7. Product life cycle:
Every product has four stages the first stage is the introduced stage and second one is growth and third is the maturity stage and the last is the decline stage. According to this life cycle, every company puts their efforts into the product. At the starting stage company puts more effort as compared to the later stage there are the following terms of the life cycle of the product. In most cases at the decline stage product rebranding is required.
Introductory stage— The introductory stage is the starting stage of every product. At this stage, the company incurred more expense on the advertisement.
• Growth stage— At this stage product generates more revenue rather than another stage because there is a high demand for the product in the market.
• Maturity stage— This stage is the second the last stage of the product life cycle. At this stage the revenue of the product is stable and the company doesn’t put their extra efforts into sales.
• Declined stage— At this stage every organization has two options first is disposal and another one is to rebrand the product.
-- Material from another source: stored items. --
lemma card_file_space: "card (file_space q B) = q ^ B"
proof -
  have "file_space q B = {xs. set xs \<subseteq> {..<q} \<and> length xs = B}" by (auto simp: file_space_def)
  then show ?thesis by (simp add: card_lists_length_eq)
qed

definition repair_helpers ::
  "nat \<Rightarrow> nat \<Rightarrow> real \<Rightarrow> (nat \<Rightarrow> nat list \<Rightarrow> nat) \<Rightarrow> nat \<Rightarrow> nat set \<Rightarrow> (nat \<Rightarrow> nat \<Rightarrow> nat) \<Rightarrow> bool" where
  "repair_helpers q B \<beta> W y D hx \<longleftrightarrow>
     (\<forall>x\<in>D. ent q (file_space q B) (\<lambda>m. hx x (W x m)) \<le> \<beta>) \<and>
     (\<forall>m1\<in>file_space q B. \<forall>m2\<in>file_space q B.
        (\<forall>x\<in>D. hx x (W x m1) = hx x (W x m2)) \<longrightarrow> W y m1 = W y m2)"

definition chosen_helpers ::
  "nat \<Rightarrow> nat \<Rightarrow> nat \<Rightarrow> real \<Rightarrow> (nat \<Rightarrow> nat list \<Rightarrow> nat) \<Rightarrow> nat \<Rightarrow> nat \<Rightarrow> nat \<Rightarrow> nat" where
  "chosen_helpers q B d \<beta> W y = (SOME hx. repair_helpers q B \<beta> W y ({1..d+1} - {y}) hx)"

lemma repair_helpers_chosen_helpers:
  assumes "exact_repair_code q n k d \<alpha> \<beta> B W" "d + 1 \<le> n" "y \<in> {1..d+1}"
  shows "repair_helpers q B \<beta> W y ({1..d+1} - {y}) (chosen_helpers q B d \<beta> W y)"
proof -
  have "{1..d+1} - {y} \<subseteq> {1..n} - {y}" "card ({1..d+1} - {y}) = d" using assms(2,3) by auto
  then have "\<exists>hx. repair_helpers q B \<beta> W y ({1..d+1} - {y}) hx"
    using assms unfolding exact_repair_code_def repair_helpers_def by auto
  then show ?thesis unfolding chosen_helpers_def by (rule someI_ex)
qed

definition code_rv ::
  "(nat \<Rightarrow> nat \<Rightarrow> nat \<Rightarrow> nat) \<Rightarrow> (nat \<Rightarrow> nat list \<Rightarrow> nat) \<Rightarrow> code_var \<Rightarrow> nat list \<Rightarrow> nat" where
  "code_rv hx W a m = (case a of Stored i \<Rightarrow> W i m | Helper y x \<Rightarrow> hx y x (W x m))"

lemma code_rv_simps [simp]:
  "code_rv hx W (Stored i) = W i" "code_rv hx W (Helper y x) = (\<lambda>m. hx y x (W x m))"
  by (simp_all add: code_rv_def fun_eq_iff)

lemma inj_on_joint_stored:
  assumes code: "exact_repair_code q n k d \<alpha> \<beta> B W" and n: "d + 1 \<le> n"
    and K: "K \<subseteq> {1..d+1}" "card K = k"
  shows "inj_on (joint (code_rv hx W) (Stored ` K)) (file_space q B)"
proof (rule inj_onI)
  fix m1 m2 assume "m1 \<in> file_space q B" "m2 \<in> file_space q B"
    and "joint (code_rv hx W) (Stored ` K) m1 = joint (code_rv hx W) (Stored ` K) m2"
  moreover have "K \<subseteq> {1..n}" using K n by auto
  ultimately show "m1 = m2"
    using conjunct1[OF conjunct2[OF code[unfolded exact_repair_code_def]]] K by (auto simp: joint_eq_iff)
qed

lemma stored_determined_by_repair_data:
  assumes code: "exact_repair_code q n k d \<alpha> \<beta> B W" and n: "d + 1 \<le> n"
    and P: "P \<subseteq> {1..d+1}" and y: "y \<in> {1..d+1} - P"
    and m: "m1 \<in> file_space q B" "m2 \<in> file_space q B"
    and eq: "\<forall>a\<in>Stored ` P \<union> Helper y ` ({1..d+1} - P - {y}).
      code_rv (chosen_helpers q B d \<beta> W) W a m1 = code_rv (chosen_helpers q B d \<beta> W) W a m2"
  shows "W y m1 = W y m2"
proof -
  define hx where "hx = chosen_helpers q B d \<beta> W y"
  have "hx x (W x m1) = hx x (W x m2)" if x: "x \<in> {1..d+1} - {y}" for x
  proof (cases "x \<in> P")
    case True
    then have "Stored x \<in> Stored ` P \<union> Helper y ` ({1..d+1} - P - {y})" by simp
    from bspec[OF eq this] show ?thesis by (simp add: hx_def)
  next
    case False
    then have "Helper y x \<in> Stored ` P \<union> Helper y ` ({1..d+1} - P - {y})" using x by simp
    from bspec[OF eq this] show ?thesis by (simp add: hx_def)
  qed
  then show ?thesis
    using repair_helpers_chosen_helpers[OF code n, of y] y m unfolding repair_helpers_def hx_def by blast
qed

lemma exact_repair_polymatroid_of_code:
  assumes q: "primepow q" and n: "d + 1 \<le> n" and \<beta>: "0 < \<beta>" and kd: "k \<le> d"
    and code: "exact_repair_code q n k d \<alpha> \<beta> B W"
  shows "exact_repair_polymatroid
    (\<lambda>A. ent q (file_space q B) (joint (code_rv (chosen_helpers q B d \<beta> W) W) A)) k d \<alpha> \<beta> (real B)"
proof -
  define S where "S = file_space q B"
  define v where "v = code_rv (chosen_helpers q B d \<beta> W) W"
  have S: "finite S" "card S = q ^ B" by (simp_all add: S_def finite_file_space card_file_space)
  have q1: "1 < q" using primepow_gt_Suc_0[OF q] by simp
  show ?thesis
    unfolding S_def[symmetric] v_def[symmetric]
  proof (intro exact_repair_polymatroid.intro exact_repair_polymatroid_axioms.intro)
    show "polymatroid (\<lambda>A. ent q S (joint v A))"
      using q1 by (intro polymatroid_ent_joint[OF S(1)]) simp
  next
    fix i assume "i \<in> {1..d+1}"
    then have "ent q S (W i) \<le> \<alpha>"
      using conjunct1[OF code[unfolded exact_repair_code_def]] n by (auto simp: S_def)
    then show "ent q S (joint v {Stored i}) \<le> \<alpha>"
      by (simp add: ent_joint_singleton[OF S(1)] v_def)
  next
    fix y x assume yx: "y \<in> {1..d+1}" "x \<in> {1..d+1}" "x \<noteq> y"
    then have "repair_helpers q B \<beta> W y ({1..d+1} - {y}) (chosen_helpers q B d \<beta> W y)"
      by (intro repair_helpers_chosen_helpers[OF code n]) simp
    then have "ent q S (\<lambda>m. chosen_helpers q B d \<beta> W y x (W x m)) \<le> \<beta>"
      using yx unfolding repair_helpers_def S_def by blast
    then show "ent q S (joint v {Helper y x}) \<le> \<beta>"
      by (simp add: ent_joint_singleton[OF S(1)] v_def)
  next
    fix y x
    have "ent q S (joint v ({Stored x} \<union> {Helper y x})) = ent q S (joint v {Stored x})"
      by (rule ent_joint_determined[OF S(1)]) (simp add: v_def)
    then show "ent q S (joint v {Helper y x, Stored x}) = ent q S (joint v {Stored x})"
      by (simp add: insert_commute)
  next
    fix P y assume P: "P \<subseteq> {1..d+1}" and y: "y \<in> {1..d+1} - P"
    define X where "X = Stored ` P \<union> Helper y ` ({1..d+1} - P - {y})"
    have "ent q S (joint v (X \<union> {Stored y})) = ent q S (joint v X)"
    proof (rule ent_joint_determined[OF S(1)])
      fix m1 m2 assume "m1 \<in> S" "m2 \<in> S" "\<forall>a\<in>X. v a m1 = v a m2"
      then have "W y m1 = W y m2"
        using stored_determined_by_repair_data[OF code n P y] unfolding X_def v_def S_def by blast
      then show "\<forall>a\<in>{Stored y}. v a m1 = v a m2" by (simp add: v_def)
    qed
    then show "ent q S (joint v (insert (Stored y) X)) = ent q S (joint v X)" by simp
  next
    fix K assume "K \<subseteq> {1..d+1}" "card K = k"
    then have "inj_on (joint v (Stored ` K)) S"
      unfolding S_def v_def by (rule inj_on_joint_stored[OF code n])
    moreover have "S \<noteq> {}" using S q1 by (auto simp: card_gt_0_iff)
    ultimately show "ent q S (joint v (Stored ` K)) = real B"
      using S q1 by (simp add: ent_inj log_nat_power)
  qed (use kd \<beta> in auto)
qed

lemma ratio_bound_of_deficit:
  fixes \<kappa> \<epsilon> \<beta> b :: real
  assumes "0 < \<kappa>" "0 < \<beta>" "0 < b" "b \<le> (\<kappa> - \<epsilon>) * \<beta>"
  shows "\<beta> / (\<kappa> * \<beta>) + \<epsilon> / \<kappa>\<^sup>2 \<le> \<beta> / b"
proof -
  have "0 < \<kappa> - \<epsilon>" using assms by (smt (verit) mult_nonpos_nonneg)
  have "\<beta> / (\<kappa> * \<beta>) + \<epsilon> / \<kappa>\<^sup>2 = (\<kappa> + \<epsilon>) / \<kappa>\<^sup>2"
    using assms by (simp add: field_simps power2_eq_square)
  also have "\<dots> \<le> 1 / (\<kappa> - \<epsilon>)"
    using \<open>0 < \<kappa> - \<epsilon>\<close> assms(1) by (simp add: field_simps power2_eq_square)
  also have "\<dots> = \<beta> / ((\<kappa> - \<epsilon>) * \<beta>)" using assms(2) by simp
  also have "\<dots> \<le> \<beta> / b" using assms by (intro divide_left_mono) auto
  finally show ?thesis .
qed

theorem corollary1:
  fixes k d p :: nat and t :: real
  assumes "3 \<le> k" and "k \<le> d"
    and "1 \<le> p" and "p \<le> k - 1"
    and "0 \<le> t" and "t < 1"
    and "(p = 1 \<and> t \<noteq> 0) \<or> (2 \<le> p \<and> p \<le> k - 2) \<or>
         (p = k - 1 \<and> t < (real d - real k + 1) / (real d - real k + 2))"
  shows "\<exists>\<delta>0 > 0. \<forall>(q::nat) (n::nat) (\<alpha>::real) (\<beta>::real) (B::nat) W.
           primepow q \<and> d + 1 \<le> n \<and> 0 < \<alpha> \<and> 0 < \<beta> \<and> 0 < B \<and>
           \<alpha> = (real d - real p + 1 - t) * \<beta> \<and>
           exact_repair_code q n k d \<alpha> \<beta> B W
           \<longrightarrow> \<beta> / real B \<ge> \<beta> / Bhat k d \<alpha> \<beta> + \<delta>0"
proof -
  define \<epsilon> where "\<epsilon> = gap_constant p t k d"
  define \<kappa> where "\<kappa> = (\<Sum>i=1..k. min (real d - real p + 1 - t) (real d - real i + 1))"
  have \<epsilon>_pos: "0 < \<epsilon>" unfolding \<epsilon>_def by (rule gap_constant_pos) (use assms in auto)
  have \<kappa>_pos: "0 < \<kappa>"
    unfolding \<kappa>_def using assms by (intro sum_pos) (auto simp: of_nat_diff)
  show ?thesis
  proof (intro exI[of _ "\<epsilon> / \<kappa>\<^sup>2"] conjI allI impI)
    show "0 < \<epsilon> / \<kappa>\<^sup>2" using \<epsilon>_pos \<kappa>_pos by simp
  next
    fix q n :: nat and \<alpha> \<beta> :: real and B :: nat and W
    assume "primepow q \<and> d + 1 \<le> n \<and> 0 < \<alpha> \<and> 0 < \<beta> \<and> 0 < B \<and>
      \<alpha> = (real d - real p + 1 - t) * \<beta> \<and> exact_repair_code q n k d \<alpha> \<beta> B W"
    then have q: "primepow q" and n: "d + 1 \<le> n" and \<beta>: "0 < \<beta>" and B: "0 < B"
      and \<alpha>: "\<alpha> = (real d - real p + 1 - t) * \<beta>" and code: "exact_repair_code q n k d \<alpha> \<beta> B W"
      by auto
    interpret exact_repair_polymatroid
      "\<lambda>A. ent q (file_space q B) (joint (code_rv (chosen_helpers q B d \<beta> W) W) A)" k d \<alpha> \<beta> "real B"
      using exact_repair_polymatroid_of_code[OF q n \<beta> _ code] assms(2) .
    have "\<epsilon> * \<beta> \<le> gap" unfolding \<epsilon>_def by (rule gap_ge) (use assms \<alpha> in auto)
    moreover have "Bhat k d \<alpha> \<beta> = \<kappa> * \<beta>"
      unfolding Bhat_def \<kappa>_def \<alpha> sum_distrib_right using \<beta> by (simp add: min_mult_distrib_right)
    ultimately show "\<beta> / Bhat k d \<alpha> \<beta> + \<epsilon> / \<kappa>\<^sup>2 \<le> \<beta> / real B"
      using ratio_bound_of_deficit[OF \<kappa>_pos \<beta>, of "real B" \<epsilon>] B unfolding gap_def
      by (simp add: algebra_simps)
  qed
qed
8. Establish a new advertising framework:
A new advertisement framework is an essential part of the rebranding of a product. because without promotional activity rebranding is not possible. If you are thinking about the changing logo and slogan of the company. It is a major change that’s why advertisements play a vital role in conveying the message to a general audience. There are two ways to advertise your rebranding activity.
• Digital advertising: This is a modern method of advertisement where different types of advertisement are done digitally namely. Social media advertising, search engine optimization, email marketing, etc.
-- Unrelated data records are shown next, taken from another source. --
(* Let $e$ be a hyperimaginary (in the monster model $\mathfrak{C}$ of a complete theory $T$). The following are equivalent: (1) $e$ is normal, i.e. $\mathrm{Fix}(e)$ is a normal subgroup of $\mathrm{Aut}(\mathfrak{C})$; (2) for every hyperimaginary $e'$ with $e'\equiv e$ (i.e. $e'=g(e)$ for some $g\in\mathrm{Aut}(\mathfrak{C})$), $e'\in\mathrm{dcl}(e)$; (3) $e\sim (f(e): f\in \mathrm{Aut}(\mathfrak{C}))$; (4) $e$ is equivalent ($\sim$) to a sequence enumerating the orbit $\{g(d):g\in\mathrm{Aut}(\mathfrak{C})\}$ of some hyperimaginary $d$.
   Context: $\mathfrak{C}$ is a monster model (large saturated, strongly homogeneous model) of a complete first-order theory $T$; "small" means of cardinality smaller than that of $\mathfrak{C}$. A hyperimaginary is an equivalence class $e=a_E$ of a possibly infinite small tuple $a$ of elements of $\mathfrak{C}$ under an equivalence relation $E$ that is type-definable without parameters ($0$-type-definable). Automorphisms of $\mathfrak{C}$ act on hyperimaginaries by $f(a_E)=f(a)_E$; a (small) sequence of hyperimaginaries is treated as a single hyperimaginary, fixed by $f$ iff each entry is fixed. $\mathrm{Fix}(e)=\mathrm{Aut}(\mathfrak{C}/e)=\{f\in\mathrm{Aut}(\mathfrak{C}): f(e)=e\}$. A hyperimaginary $d$ is definable over $e$ if $f(d)=d$ for all $f\in\mathrm{Fix}(e)$; $\mathrm{dcl}(e)$ is the class of hyperimaginaries definable over $e$. Two hyperimaginaries $e,d$ are equivalent, $e\sim d$, if $\mathrm{dcl}(e)=\mathrm{dcl}(d)$. *)

theory Defs
  imports "HOL-Algebra.Group" "HOL-Algebra.Coset"
begin

text \<open>A first-order structure on the universe of type 'a, given by its relations
  (function symbols and constants are encoded by their graphs).
  rel R xs: the tuple xs satisfies the relation symbol R.\<close>

definition Aut :: "('r \<Rightarrow> 'a list \<Rightarrow> bool) \<Rightarrow> ('a \<Rightarrow> 'a) set" where
  "Aut rel = {f. bij f \<and> (\<forall>R xs. rel R (map f xs) = rel R xs)}"

definition AutGrp :: "('r \<Rightarrow> 'a list \<Rightarrow> bool) \<Rightarrow> ('a \<Rightarrow> 'a) monoid" where
  "AutGrp rel = \<lparr>carrier = Aut rel, mult = (\<circ>), one = id\<rparr>"

text \<open>A hyperimaginary of sort 'i is represented by a pair (a, E): a tuple
  a indexed by 'i and an equivalence relation E on such tuples; it stands
  for the class of a modulo E.\<close>

type_synonym ('i, 'a) hyperim = "('i \<Rightarrow> 'a) \<times> (('i \<Rightarrow> 'a) \<Rightarrow> ('i \<Rightarrow> 'a) \<Rightarrow> bool)"

text \<open>0-type-definability is approximated by automorphism invariance
  (every 0-type-definable relation is invariant).\<close>

definition is_hyperim :: "('r \<Rightarrow> 'a list \<Rightarrow> bool) \<Rightarrow> ('i, 'a) hyperim \<Rightarrow> bool" where
  "is_hyperim rel e \<longleftrightarrow> equivp (snd e) \<and>
     (\<forall>f\<in>Aut rel. \<forall>x y. snd e (f \<circ> x) (f \<circ> y) = snd e x y)"

definition heq :: "('i, 'a) hyperim \<Rightarrow> ('i, 'a) hyperim \<Rightarrow> bool" where
  "heq e d \<longleftrightarrow> snd e = snd d \<and> snd e (fst e) (fst d)"

definition hact :: "('a \<Rightarrow> 'a) \<Rightarrow> ('i, 'a) hyperim \<Rightarrow> ('i, 'a) hyperim" where
  "hact f e = (f \<circ> fst e, snd e)"

definition Fix :: "('r \<Rightarrow> 'a list \<Rightarrow> bool) \<Rightarrow> ('i, 'a) hyperim \<Rightarrow> ('a \<Rightarrow> 'a) set" where
  "Fix rel e = {f \<in> Aut rel. heq (hact f e) e}"

definition definable_over ::
  "('r \<Rightarrow> 'a list \<Rightarrow> bool) \<Rightarrow> ('j, 'a) hyperim \<Rightarrow> ('i, 'a) hyperim \<Rightarrow> bool" where
  "definable_over rel d e \<longleftrightarrow> (\<forall>f\<in>Fix rel e. heq (hact f d) d)"

text \<open>Equivalence e ~ d, i.e. dcl(e) = dcl(d); since HOL cannot quantify over all
  sorts, it is rendered as mutual membership e \<in> dcl(d), d \<in> dcl(e)
  (equivalent, as dcl is reflexive and transitive).\<close>
definition hequiv ::
  "('r \<Rightarrow> 'a list \<Rightarrow> bool) \<Rightarrow> ('i, 'a) hyperim \<Rightarrow> ('j, 'a) hyperim \<Rightarrow> bool" where
  "hequiv rel e d \<longleftrightarrow> definable_over rel e d \<and> definable_over rel d e"

definition hseq :: "'j set \<Rightarrow> ('j \<Rightarrow> ('i, 'a) hyperim) \<Rightarrow> ('j \<times> 'i, 'a) hyperim" where
  "hseq J h = ((\<lambda>(j, i). if j \<in> J then fst (h j) i else undefined),
               (\<lambda>x y. \<forall>j\<in>J. snd (h j) (\<lambda>i. x (j, i)) (\<lambda>i. y (j, i))))"

definition orbit_seq :: "('r \<Rightarrow> 'a list \<Rightarrow> bool) \<Rightarrow> ('i, 'a) hyperim \<Rightarrow> (('a \<Rightarrow> 'a) \<times> 'i, 'a) hyperim" where
  "orbit_seq rel e = hseq (Aut rel) (\<lambda>f. hact f e)"

definition normal_hyperim :: "('r \<Rightarrow> 'a list \<Rightarrow> bool) \<Rightarrow> ('i, 'a) hyperim \<Rightarrow> bool" where
  "normal_hyperim rel e \<longleftrightarrow> Fix rel e \<lhd> AutGrp rel"

end

theory Submission
  imports Defs
begin

text \<open>Everything reduces to the fixer groups: d \<in> dcl(e) means Fix(e) \<subseteq> Fix(d), the fixer of
  g(e) is the conjugate g Fix(e) g\<inverse>, and the fixer of the orbit sequence of d is the
  intersection of all conjugates of Fix(d). Hence each of (1)--(3) says that Fix(e) lies in every
  conjugate of itself, while an intersection of all conjugates of a subgroup is always normal,
  which gives (4).\<close>

text \<open>Inside HOL-Algebra, plain inv parses as the group inverse of an implicit structure.\<close>
abbreviation inv_fun :: "('a \<Rightarrow> 'b) \<Rightarrow> 'b \<Rightarrow> 'a" where
  "inv_fun f \<equiv> inv_into UNIV f"

lemma Aut_comp: "f \<in> Aut rel \<Longrightarrow> g \<in> Aut rel \<Longrightarrow> f \<circ> g \<in> Aut rel"
  by (auto simp: Aut_def bij_comp simp flip: map_map)

lemma id_in_Aut: "id \<in> Aut rel"
  by (simp add: Aut_def)

lemma bij_of_Aut: "f \<in> Aut rel \<Longrightarrow> bij f"
  by (simp add: Aut_def)

lemma inv_in_Aut:
  assumes "f \<in> Aut rel"
  shows "inv_fun f \<in> Aut rel"
proof -
  have bij: "bij f" and pres: "\<And>R xs. rel R (map f xs) = rel R xs"
    using assms by (auto simp: Aut_def)
  have "rel R (map (inv_fun f) xs) = rel R xs" for R xs
    using pres[of R "map (inv_fun f) xs"] bij
    by (simp add: bij_is_surj surj_f_inv_f map_idI)
  then show ?thesis
    using bij bij_imp_bij_inv by (auto simp: Aut_def)
qed

lemma Aut_inv_comp: "f \<in> Aut rel \<Longrightarrow> inv_fun f \<circ> f = id"
  by (simp add: bij_of_Aut bij_is_inj)

lemma Aut_inv_fun_inv_fun: "f \<in> Aut rel \<Longrightarrow> inv_fun (inv_fun f) = f"
  by (simp add: bij_of_Aut inv_inv_eq)

lemma carrier_AutGrp: "carrier (AutGrp rel) = Aut rel"
  by (simp add: AutGrp_def)

lemma mult_AutGrp: "f \<otimes>\<^bsub>AutGrp rel\<^esub> g = f \<circ> g"
  by (simp add: AutGrp_def)

lemma group_AutGrp: "group (AutGrp rel)"
proof (rule groupI)
  fix f assume "f \<in> carrier (AutGrp rel)"
  then show "\<exists>g\<in>carrier (AutGrp rel). g \<otimes>\<^bsub>AutGrp rel\<^esub> f = \<one>\<^bsub>AutGrp rel\<^esub>"
    by (intro bexI[of _ "inv_fun f"]) (auto simp: AutGrp_def inv_in_Aut Aut_inv_comp)
qed (auto simp: AutGrp_def Aut_comp id_in_Aut comp_assoc)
• Traditional advertising: Traditional marketing has a long history. It is a conventional method of advertising. There are some ways of traditional marketing. Newspaper, television, banner, billboards.
9. Monitoring and evaluation:
In the final stage of rebranding, it is very important to keep an eye on the entire process working. There are always issues whenever changes are required in the organization. Having a clear-cut policy of monitoring and evaluation can pave the way for getting effective and timely results.
• Monitoring: Monitoring is continuously keeping watch over the working mechanism of the entire framework build for rebranding needs efforts from all the participating members.
• Evaluation: When information form monitoring is used for checking out how close we are to our target it is called evaluation, under evaluation deviations are identified and instant decisions are taken to match expected and achieved outcomes.
Building an effective rebranding strategy is identical to building a strong brand image but with some extra steps. A business must consider its objective, its business model, product features, and most importantly target population while rebranding. Although, rebranding seems to be a complex process that demands long-term efforts. Proper planning, knowledge of basic marketing concepts and the product life cycle can help in reposition the entire brand.